## Exercise objective
Starting at the line that holds "Kb \<beta> = Hb" and stopping at the line that holds "under_iff by blast", restate the records below word for word, with both of those lines included.
↓↓↓
lemma separator_eq:
  obtains D where "clopenin X D" "\<Union>(FF \<xi> (\<sigma> \<xi> True)) \<subseteq> D" "D \<inter> \<Union>(FF \<xi> (\<sigma> \<xi> False)) = {}"
    "C \<xi> = K \<inter> D"
proof -
  let ?\<F> = "FF \<xi> (\<sigma> \<xi> True) \<union> FF \<xi> (\<sigma> \<xi> False)"
  let ?sep = "\<lambda>D. clopenin X D \<and> \<Union>(FF \<xi> (\<sigma> \<xi> True)) \<subseteq> D \<and> D \<inter> \<Union>(FF \<xi> (\<sigma> \<xi> False)) = {}"
  have members: "\<forall>A\<in>?\<F>. clopenin X A" using constraints_clopen by blast
  have opens: "openin X (\<Union>(FF \<xi> S))" for S
    using constraints_clopen unfolding clopenin_def by (intro openin_Union) blast
  have disjoint: "\<Union>(FF \<xi> (\<sigma> \<xi> True)) \<inter> \<Union>(FF \<xi> (\<sigma> \<xi> False)) = {}"
    using constraints_disjoint[OF slice_subset] slice_neg[of \<xi> True] by simp
  have card: "card_lt ?\<F> (UNIV :: 'k set)"
    by (rule card_lt_Un[OF inf card_lt_constraints card_lt_constraints])
  have "\<Union>(FF \<xi> (\<sigma> \<xi> True)) \<union> \<Union>(FF \<xi> (\<sigma> \<xi> False)) = \<Union>?\<F>" by blast
  then have "\<exists>D. ?sep D"
    by (rule F_kappa_clopen_separation[OF compact F_kappa members card opens opens disjoint])
  then have "?sep (SOME D. ?sep D)" by (rule someI_ex[of ?sep])
  moreover have "C \<xi> = K \<inter> (SOME D. ?sep D)"
    by (subst separators_unfold) (simp only: separator_step_def constraints_cut)
  ultimately show thesis using that[of "SOME D. ?sep D"] by blast
qed

text \<open>Which side of the \<open>\<xi>\<close>-th separator a piece \<open>G - L\<close> lies on is decided by the constraints.\<close>

lemma signed_pieces_bound:
  assumes TG: "(T, G) \<in> P \<xi>" and b: "(B, L) \<in> BB" and st: "\<sigma> \<xi> s \<inter> T \<subseteq> B"
  shows "\<epsilon> \<xi> s \<inter> G \<subseteq> L"
proof -
  obtain D where D: "clopenin X D" "\<Union>(FF \<xi> (\<sigma> \<xi> True)) \<subseteq> D"
    "D \<inter> \<Union>(FF \<xi> (\<sigma> \<xi> False)) = {}" "C \<xi> = K \<inter> D"
    by (rule separator_eq)
  have T: "T \<subseteq> U0" "G \<subseteq> K" using pieces_props[OF TG] by auto
  have "T - \<sigma> \<xi> (\<not> s) \<subseteq> B" using st T(1) slice_neg[of \<xi> s] by blast
  then have "G - L \<in> FF \<xi> (\<sigma> \<xi> (\<not> s))" unfolding constraints_def using TG b by blast
  then show ?thesis using D(2-4) T(2) unfolding signed_def by (cases s) auto
qed

lemma separator_ok_step: "separator_ok \<xi>"
proof -
  obtain D where D: "clopenin X D" "\<Union>(FF \<xi> (\<sigma> \<xi> True)) \<subseteq> D" "D \<inter> \<Union>(FF \<xi> (\<sigma> \<xi> False)) = {}"
    "C \<xi> = K \<inter> D"
    by (rule separator_eq)
  have "C \<xi> \<inter> Y = h (\<sigma> \<xi> True)"
  proof
    have "h (\<sigma> \<xi> True) \<subseteq> D" using D(2) lower_union_subset_constraints by blast
    then show "h (\<sigma> \<xi> True) \<subseteq> C \<xi> \<inter> Y" using D(4) lower_union_subset Y_subset by blast
  next
    have "h (\<sigma> \<xi> False) \<inter> D = {}" using D(3) lower_union_subset_constraints by blast
    then show "C \<xi> \<inter> Y \<subseteq> h (\<sigma> \<xi> True)"
      using D(4) lower_union_diff[of "\<sigma> \<xi> True"] slice_neg[of \<xi> True] by auto
  qed
  moreover have "\<epsilon> \<xi> s \<inter> \<epsilon> \<eta> t \<subseteq> L"
    if "(\<eta>, \<xi>) \<in> r" "(B, L) \<in> BB" "\<sigma> \<xi> s \<inter> \<sigma> \<eta> t \<subseteq> B" for \<eta> s t B L
  proof (cases "\<eta> = \<xi>")
    case False
    then have "(\<eta>, t) \<in> underS r \<xi> \<times> UNIV" using that(1) underS_iff by blast
    then have "(\<sigma> \<eta> t, \<epsilon> \<eta> t) \<in> P \<xi>" unfolding pieces_def by force
    then show ?thesis using signed_pieces_bound that(2,3) by blast
  next
    case True
    have "(U0, K) \<in> P \<xi>" unfolding pieces_def by blast
    then have "\<epsilon> \<xi> s \<inter> K \<subseteq> L" if "s = t"
      using signed_pieces_bound \<open>(B, L) \<in> BB\<close> \<open>\<sigma> \<xi> s \<inter> \<sigma> \<eta> t \<subseteq> B\<close> True that by blast
    then show ?thesis using True D(4) unfolding signed_def by auto
  qed
  moreover have "clopenin X (C \<xi>)" "C \<xi> \<subseteq> K" using D(4) clopenin_Int[OF K_clopen D(1)] by auto
  ultimately show ?thesis unfolding separator_ok_def by blast
qed

end

lemma separator_ok_all: "separator_ok \<xi>"
  using r_wf
proof (induction \<xi> rule: wf_induct_rule)
  case (less \<xi>)
  then show ?case by (rule separator_ok_step) (auto simp: underS_iff)
qed

abbreviation "e \<equiv> extension X r E \<alpha> K Kb Hb"

lemma signed_cong: "\<sigma> \<xi> s = \<sigma> \<eta> t \<Longrightarrow> \<epsilon> \<xi> s = \<epsilon> \<eta> t"
proof -
  have le: "\<epsilon> \<xi> s \<subseteq> \<epsilon> \<eta> t" if "\<sigma> \<xi> s = \<sigma> \<eta> t" for \<xi> s \<eta> t
  proof -
    have "\<sigma> \<xi> s \<inter> \<sigma> \<eta> (\<not> t) \<subseteq> {}" using that slice_neg[of \<eta> t] by blast
    then have "\<epsilon> \<xi> s \<inter> \<epsilon> \<eta> (\<not> t) \<subseteq> {}"
      using signed_Int_bound[OF separator_ok_all separator_ok_all bounds_empty] by blast
    then show ?thesis using signed_props(2,3)[OF separator_ok_all] by blast
  qed
  show "\<sigma> \<xi> s = \<sigma> \<eta> t \<Longrightarrow> \<epsilon> \<xi> s = \<epsilon> \<eta> t" using le le[OF sym] by blast
qed

lemma slice_exists: "\<exists>\<xi> s. \<sigma> \<xi> s = S \<inter> U0"
  using E_enum[of "S \<inter> U0"] unfolding slice_def by (metis Int_absorb2 inf_le2)

lemma extension_eq_signed: "\<sigma> \<xi> s = S \<inter> U0 \<Longrightarrow> e S = \<epsilon> \<xi> s"
  unfolding extension_def Let_def
  using someI_ex[of "\<lambda>z. \<sigma> (fst z) (snd z) = S \<inter> U0"] slice_exists signed_cong by auto

lemma extension_clopen: "clopenin X (e S)"
  using slice_exists extension_eq_signed signed_props(1)[OF separator_ok_all] by metis

lemma extension_restrict: "e S = e (S \<inter> U0)"
  using slice_exists[of S] extension_eq_signed by (metis inf.right_idem)

lemma extension_compl: "e (- S) = K - e S"
proof -
  obtain \<xi> s where p: "\<sigma> \<xi> s = S \<inter> U0" using slice_exists by blast
  then have "\<sigma> \<xi> (\<not> s) = - S \<inter> U0" using slice_neg[of \<xi> s] by blast
  then show ?thesis
    using extension_eq_signed p signed_props(3)[OF separator_ok_all] by metis
qed

lemma extension_Int_Kb: "\<beta> \<in> U0 \<Longrightarrow> e S \<inter> Kb \<beta> = Hb \<beta> S"
proof -
  assume b: "\<beta> \<in> U0"
  obtain \<xi> s where p: "\<sigma> \<xi> s = S \<inter> U0" using slice_exists by blast
  have "e S \<inter> Y = h S"
    using extension_eq_signed[OF p] signed_props(4)[OF separator_ok_all, of \<xi> s] p
      lower_union_restrict[of S] by simp
  then have "e S \<inter> Kb \<beta> = h S \<inter> Kb \<beta>" using b by blast
  then show ?thesis using lower_union_Int_Kb[OF b] by simp
qed

lemma extension_Int_bound: "(B, L) \<in> BB \<Longrightarrow> S \<inter> T \<inter> U0 \<subseteq> B \<Longrightarrow> e S \<inter> e T \<subseteq> L"
proof -
  assume b: "(B, L) \<in> BB" and st: "S \<inter> T \<inter> U0 \<subseteq> B"
  obtain \<xi> s where p: "\<sigma> \<xi> s = S \<inter> U0" using slice_exists by blast
  obtain \<eta> t where q: "\<sigma> \<eta> t = T \<inter> U0" using slice_exists by blast
  have "\<sigma> \<xi> s \<inter> \<sigma> \<eta> t \<subseteq> B" using p q st by blast
  then have "\<epsilon> \<xi> s \<inter> \<epsilon> \<eta> t \<subseteq> L" using signed_Int_bound[OF separator_ok_all separator_ok_all b] by blast
  then show ?thesis using extension_eq_signed[OF p] extension_eq_signed[OF q] by simp
qed

end

lemma (in kappa_order) level_ok_extend:
  assumes K_\<alpha>: "K \<alpha> = K' \<union> N" and H_\<alpha>: "\<And>S. H \<alpha> S = e S \<union> (if \<alpha> \<in> S then N else {})"
    and K'_clopen: "clopenin X K'" and N_clopen: "clopenin X N" and K'_N: "K' \<inter> N = {}"
    and K_below: "\<And>\<beta>. \<beta> \<in> underS r \<alpha> \<Longrightarrow> K \<beta> \<subseteq> K'"
    and e_clopen: "\<And>S. clopenin X (e S)" and e_subset: "\<And>S. e S \<subseteq> K'"
    and e_restrict: "\<And>S. e S = e (S \<inter> underS r \<alpha>)" and e_compl: "\<And>S. e (- S) = K' - e S"
    and e_coherent: "\<And>S \<beta>. \<beta> \<in> underS r \<alpha> \<Longrightarrow> e S \<inter> K \<beta> = H \<beta> S"
    and e_Int_bound: "\<And>S T B L. (B, L) \<in> bounds r \<alpha> K \<Longrightarrow> S \<inter> T \<inter> underS r \<alpha> \<subseteq> B \<Longrightarrow> e S \<inter> e T \<subseteq> L"
  shows "level_ok X r K H \<alpha>"
proof -
  have \<alpha>_under: "\<alpha> \<in> under r \<alpha>" using r_refl under_iff by blast
  have underS_under: "underS r \<alpha> \<subseteq> under r \<alpha>" unfolding underS_def under_def by blast
  have e_N: "e S \<inter> N = {}" for S using e_subset K'_N by blast
  have H_Int: "H \<alpha> S \<inter> H \<alpha> T = e S \<inter> e T \<union> (if \<alpha> \<in> S \<inter> T then N else {})" for S T
    unfolding H_\<alpha> using e_N by auto
  have below_K: "(\<beta>, \<alpha>) \<in> r \<Longrightarrow> \<beta> \<noteq> \<alpha> \<Longrightarrow> \<beta> \<in> underS r \<alpha>" for \<beta> using underS_iff by blast
  have "H \<alpha> (- S) = K \<alpha> - H \<alpha> S" for S
    unfolding H_\<alpha> K_\<alpha> e_compl using e_subset[of S] K'_N by (cases "\<alpha> \<in> S") auto
  moreover have "H \<alpha> S = H \<alpha> (S \<inter> under r \<alpha>)" for S
  proof -
    have "e (S \<inter> under r \<alpha>) = e (S \<inter> under r \<alpha> \<inter> underS r \<alpha>)" by (rule e_restrict)
    also have "S \<inter> under r \<alpha> \<inter> underS r \<alpha> = S \<inter> underS r \<alpha>" using underS_under by blast
    also have "e (S \<inter> underS r \<alpha>) = e S" by (rule e_restrict[symmetric])
    finally show ?thesis unfolding H_\<alpha> using \<alpha>_under by simp
  qed
  moreover have "H \<alpha> S \<inter> K \<beta> = H \<beta> S" if "(\<beta>, \<alpha>) \<in> r" for S \<beta>
  proof (cases "\<beta> = \<alpha>")
    case True
    show ?thesis using e_subset[of S] by (auto simp: True H_\<alpha> K_\<alpha>)
  next
    case False
    then have \<beta>: "\<beta> \<in> underS r \<alpha>" using below_K that by blast
    have "N \<inter> K \<beta> = {}" using K_below[OF \<beta>] K'_N by blast
    moreover have "e S \<inter> K \<beta> = H \<beta> S" by (rule e_coherent[OF \<beta>])
    ultimately show ?thesis unfolding H_\<alpha> by auto
  qed
  moreover have "H \<alpha> S \<inter> H \<alpha> T = {}" if "S \<inter> T \<inter> under r \<alpha> = {}" for S T
  proof -
    have "e S \<inter> e T \<subseteq> {}" using e_Int_bound[OF bounds_empty] that underS_under by blast
    then show ?thesis using H_Int that \<alpha>_under by auto
  qed
  moreover have "H \<alpha> S \<inter> H \<alpha> T \<subseteq> K \<gamma>"
    if \<gamma>: "\<gamma> \<in> underS r \<alpha>" and ST: "S \<inter> T \<inter> under r \<alpha> \<subseteq> underS r \<gamma>" for S T \<gamma>
  proof -
    have "e S \<inter> e T \<subseteq> K \<gamma>" using e_Int_bound[OF underS_in_bounds[OF \<gamma>]] ST underS_under by blast
    moreover have "\<alpha> \<notin> underS r \<gamma>" using \<gamma> r_antisym unfolding underS_def by blast
    ultimately show ?thesis using H_Int ST \<alpha>_under by auto
  qed
  moreover have "K \<beta> \<subseteq> K \<alpha>" if "(\<beta>, \<alpha>) \<in> r" for \<beta>
    using K_below[OF below_K[OF that]] K_\<alpha> by (cases "\<beta> = \<alpha>") auto
  moreover have "clopenin X (H \<alpha> S) \<and> H \<alpha> S \<subseteq> K \<alpha>" for S
    unfolding H_\<alpha> K_\<alpha> using clopenin_Un[OF e_clopen N_clopen] e_clopen e_subset by auto
  ultimately show ?thesis
    unfolding level_ok_def using clopenin_Un[OF K'_clopen N_clopen] K_\<alpha> by simp
qed
(* Suppose Assumption A1 and Assumption A2(i) hold, let $K$ be $(\kappa,\gamma)$-strongly stable and $H=\lceil2\gamma^{-1}\log T\rceil$. Then for any $T\ge3$, $t\in[0,T-1]$, $k\in[0,H+1]$, $C>0$ and $M_{t-1-H},\dots,M_t,\check M_{t-k}\in\mathcal M$, with probability at least $1-\frac{30\sigma_w\kappa_B^2\kappa^6}{C\gamma^2(1-\gamma)}$, $$|F_t(M_{t-1-H:t})-F_t(M_{t-1-H:t-k-1},\check M_{t-k},M_{t-k+1:t})|\le2G_cC^2\log T\,(2\gamma^{-1}\log T+1)^{1/2}\,\|M_{t-k}-\check M_{t-k}\|_F.$$
   Context: Linear system $x_{t+1}=Ax_t+Bu_t+w_t$; $\kappa_B:=\max\{\|B\|,1\}$; $w_s:=0$ for $s<0$. $(\kappa,\gamma)$-strong stability: complex $P,Q$ with $A-BK=QPQ^{-1}$, $\|P\|\le1-\gamma$, $\|K\|,\|Q\|,\|Q^{-1}\|\le\kappa$. $A_K:=A-BK$. Assumption A1: $c_t$ convex, differentiable, $\|\nabla_xc_t(x,u)\|\le G_c\|x\|$, $\|\nabla_uc_t(x,u)\|\le G_c\|u\|$ for all $x,u,t$, $G_c\ge1$. Assumption A2(i): $\mathbb E\|w_t\|\le\sigma_w$ for all $t$. For $M=\{M^{[0]},\dots,M^{[H-1]}\}$, $\|M\|_F:=\|[M^{[0]},\dots,M^{[H-1]}]\|_F$; $\mathcal M:=\{M:\|M^{[i]}\|\le2\kappa_B\kappa^3(1-\gamma)^i\}$. Surrogate: $\Psi^{K,h}_{t,i}(M_{t-h:t}):=A_K^i\mathbf 1_{i\le h}+\sum_{j=0}^hA_K^jBM_{t-j}^{[i-j-1]}\mathbf 1_{i-j\in[1,H]}$; $y_t:=\sum_{i=0}^{2H}\Psi^{K,H}_{t-1,i}(M_{t-1-H:t-1})w_{t-1-i}$; $v_t:=-Ky_t+\sum_{i=1}^HM_t^{[i-1]}w_{t-i}$; $F_t(M_{t-1-H:t}):=c_t(y_t,v_t)$. *)

theory Defs
  imports "HOL-Probability.Probability"
begin

(* Operator (spectral) norm of a matrix: norm of the induced linear map.
   Note: the Isabelle "norm" of a matrix of type real^'n^'m is its Frobenius norm. *)
definition opnorm :: "('a::real_normed_field)^'n^'m \<Rightarrow> real" where
  "opnorm A = onorm (\<lambda>x. A *v x)"

fun mpow :: "('a::semiring_1)^'n^'n \<Rightarrow> nat \<Rightarrow> 'a^'n^'n" where
  "mpow A 0 = mat 1"
| "mpow A (Suc i) = A ** mpow A i"

definition cmat :: "real^'n^'m \<Rightarrow> complex^'n^'m" where
  "cmat A = (\<chi> i j. complex_of_real (A $ i $ j))"

definition kappaB :: "real^'m^'n \<Rightarrow> real" where
  "kappaB B = max (opnorm B) 1"

definition strongly_stable ::
  "real^'n^'n \<Rightarrow> real^'m^'n \<Rightarrow> real^'n^'m \<Rightarrow> real \<Rightarrow> real \<Rightarrow> bool" where
  "strongly_stable A B K \<kappa> \<gamma> \<longleftrightarrow>
     (\<exists>(P::complex^'n^'n) (Q::complex^'n^'n) Qi.
        Q ** Qi = mat 1 \<and> Qi ** Q = mat 1 \<and>
        cmat (A - B ** K) = Q ** P ** Qi \<and>
        opnorm P \<le> 1 - \<gamma> \<and> opnorm K \<le> \<kappa> \<and> opnorm Q \<le> \<kappa> \<and> opnorm Qi \<le> \<kappa>)"

(* A disturbance-action parameter M = {M^[0],...,M^[H-1]} is a function nat => matrix,
   of which only the entries i < H are used. *)
definition frob :: "nat \<Rightarrow> (nat \<Rightarrow> real^'n^'m) \<Rightarrow> real" where
  "frob H M = sqrt (\<Sum>i<H. (norm (M i))\<^sup>2)"

definition Mset :: "nat \<Rightarrow> real \<Rightarrow> real \<Rightarrow> real \<Rightarrow> (nat \<Rightarrow> real^'n^'m) set" where
  "Mset H \<kappa>B \<kappa> \<gamma> = {M. \<forall>i<H. opnorm (M i) \<le> 2 * \<kappa>B * \<kappa>^3 * (1 - \<gamma>)^i}"

definition assumption_A1 :: "(nat \<Rightarrow> real^'n \<Rightarrow> real^'m \<Rightarrow> real) \<Rightarrow> real \<Rightarrow> bool" where
  "assumption_A1 c Gc \<longleftrightarrow> Gc \<ge> 1 \<and>
     (\<forall>t. convex_on UNIV (\<lambda>p. c t (fst p) (snd p)) \<and>
       (\<forall>x u. \<exists>gx gu. ((\<lambda>p. c t (fst p) (snd p)) has_derivative
                         (\<lambda>h. gx \<bullet> fst h + gu \<bullet> snd h)) (at (x, u)) \<and>
                    norm gx \<le> Gc * norm x \<and> norm gu \<le> Gc * norm u))"

definition wext :: "(nat \<Rightarrow> 'a::zero) \<Rightarrow> int \<Rightarrow> 'a" where
  "wext w s = (if s < 0 then 0 else w (nat s))"

definition Psi :: "real^'n^'n \<Rightarrow> real^'m^'n \<Rightarrow> real^'n^'m \<Rightarrow> nat \<Rightarrow>
                   (int \<Rightarrow> nat \<Rightarrow> real^'n^'m) \<Rightarrow> int \<Rightarrow> nat \<Rightarrow> nat \<Rightarrow> real^'n^'n" where
  "Psi A B K H M t h i =
     (if i \<le> h then mpow (A - B ** K) i else 0) +
     (\<Sum>j\<in>{0..h}. if j < i \<and> i - j \<le> H
                   then mpow (A - B ** K) j ** B ** M (t - int j) (i - j - 1) else 0)"

definition ysur :: "real^'n^'n \<Rightarrow> real^'m^'n \<Rightarrow> real^'n^'m \<Rightarrow> nat \<Rightarrow>
                   (int \<Rightarrow> nat \<Rightarrow> real^'n^'m) \<Rightarrow> (int \<Rightarrow> real^'n) \<Rightarrow> int \<Rightarrow> real^'n" where
  "ysur A B K H M w t = (\<Sum>i\<in>{0..2*H}. Psi A B K H M (t - 1) H i *v w (t - 1 - int i))"

definition vsur :: "real^'n^'n \<Rightarrow> real^'m^'n \<Rightarrow> real^'n^'m \<Rightarrow> nat \<Rightarrow>
                   (int \<Rightarrow> nat \<Rightarrow> real^'n^'m) \<Rightarrow> (int \<Rightarrow> real^'n) \<Rightarrow> int \<Rightarrow> real^'m" where
  "vsur A B K H M w t = - (K *v ysur A B K H M w t) +
     (\<Sum>i\<in>{1..H}. M t (i - 1) *v w (t - int i))"

(* F_t(M_{t-1-H:t}) = c_t(y_t, v_t); depends only on M s for s in [t-1-H, t] *)
definition Fsur :: "(nat \<Rightarrow> real^'n \<Rightarrow> real^'m \<Rightarrow> real) \<Rightarrow> real^'n^'n \<Rightarrow> real^'m^'n \<Rightarrow>
                   real^'n^'m \<Rightarrow> nat \<Rightarrow> (int \<Rightarrow> nat \<Rightarrow> real^'n^'m) \<Rightarrow> (int \<Rightarrow> real^'n) \<Rightarrow> nat \<Rightarrow> real" where
  "Fsur c A B K H M w t = c t (ysur A B K H M w (int t)) (vsur A B K H M w (int t))"

end

theory Submission
  imports Defs
begin

text \<open>
  Strong stability gives \<open>\<parallel>A\<^sub>K\<^sup>j\<parallel> \<le> \<kappa>\<^sup>2(1-\<gamma>)\<^sup>j\<close>, so every transfer matrix \<open>\<Psi>\<^sub>i\<close> is bounded by a weight
  whose sum over \<open>i\<close> is \<open>O(\<gamma>\<^sup>-\<^sup>2)\<close>, and replacing the single parameter \<open>M\<^sub>t\<^sub>-\<^sub>k\<close> changes each
  \<open>\<Psi>\<^sub>i\<close> in at most one summand. Hence the surrogate state and input are bounded by a fixed weighted
  sum \<open>U\<close> of past disturbance norms \<open>\<parallel>w\<^sub>s\<parallel>\<close>, and their changes by the Frobenius distance of the two
  parameters times the plain sum \<open>V\<close> of those norms. Convexity together with the gradient bounds
  of A1 makes the cost Lipschitz with constant \<open>G\<^sub>c\<close> times the size of its arguments, so the change
  of \<open>F\<^sub>t\<close> is at most a constant times \<open>G\<^sub>c U V\<close> times that distance. Both \<open>U\<close> and \<open>V\<close> have expectation
  \<open>O(\<sigma>\<^sub>w)\<close> by A2(i), and Markov's inequality applied to each of them yields the claimed probability.
\<close>

lemma opnorm_nonneg: "0 \<le> opnorm X"
  for X :: "'a::{euclidean_space,real_normed_field}^'n^'m"
  unfolding opnorm_def by (rule onorm_pos_le) simp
↑↑↑
## Output of the exercise
lemma extension_Int_Kb: "\<beta> \<in> U0 \<Longrightarrow> e S \<inter> Kb \<beta> = Hb \<beta> S"
proof -
  assume b: "\<beta> \<in> U0"
  obtain \<xi> s where p: "\<sigma> \<xi> s = S \<inter> U0" using slice_exists by blast
  have "e S \<inter> Y = h S"
    using extension_eq_signed[OF p] signed_props(4)[OF separator_ok_all, of \<xi> s] p
      lower_union_restrict[of S] by simp
  then have "e S \<inter> Kb \<beta> = h S \<inter> Kb \<beta>" using b by blast
  then show ?thesis using lower_union_Int_Kb[OF b] by simp
qed

lemma extension_Int_bound: "(B, L) \<in> BB \<Longrightarrow> S \<inter> T \<inter> U0 \<subseteq> B \<Longrightarrow> e S \<inter> e T \<subseteq> L"
proof -
  assume b: "(B, L) \<in> BB" and st: "S \<inter> T \<inter> U0 \<subseteq> B"
  obtain \<xi> s where p: "\<sigma> \<xi> s = S \<inter> U0" using slice_exists by blast
  obtain \<eta> t where q: "\<sigma> \<eta> t = T \<inter> U0" using slice_exists by blast
  have "\<sigma> \<xi> s \<inter> \<sigma> \<eta> t \<subseteq> B" using p q st by blast
  then have "\<epsilon> \<xi> s \<inter> \<epsilon> \<eta> t \<subseteq> L" using signed_Int_bound[OF separator_ok_all separator_ok_all b] by blast
  then show ?thesis using extension_eq_signed[OF p] extension_eq_signed[OF q] by simp
qed

end

lemma (in kappa_order) level_ok_extend:
  assumes K_\<alpha>: "K \<alpha> = K' \<union> N" and H_\<alpha>: "\<And>S. H \<alpha> S = e S \<union> (if \<alpha> \<in> S then N else {})"
    and K'_clopen: "clopenin X K'" and N_clopen: "clopenin X N" and K'_N: "K' \<inter> N = {}"
    and K_below: "\<And>\<beta>. \<beta> \<in> underS r \<alpha> \<Longrightarrow> K \<beta> \<subseteq> K'"
    and e_clopen: "\<And>S. clopenin X (e S)" and e_subset: "\<And>S. e S \<subseteq> K'"
    and e_restrict: "\<And>S. e S = e (S \<inter> underS r \<alpha>)" and e_compl: "\<And>S. e (- S) = K' - e S"
    and e_coherent: "\<And>S \<beta>. \<beta> \<in> underS r \<alpha> \<Longrightarrow> e S \<inter> K \<beta> = H \<beta> S"
    and e_Int_bound: "\<And>S T B L. (B, L) \<in> bounds r \<alpha> K \<Longrightarrow> S \<inter> T \<inter> underS r \<alpha> \<subseteq> B \<Longrightarrow> e S \<inter> e T \<subseteq> L"
  shows "level_ok X r K H \<alpha>"
proof -
  have \<alpha>_under: "\<alpha> \<in> under r \<alpha>" using r_refl under_iff by blast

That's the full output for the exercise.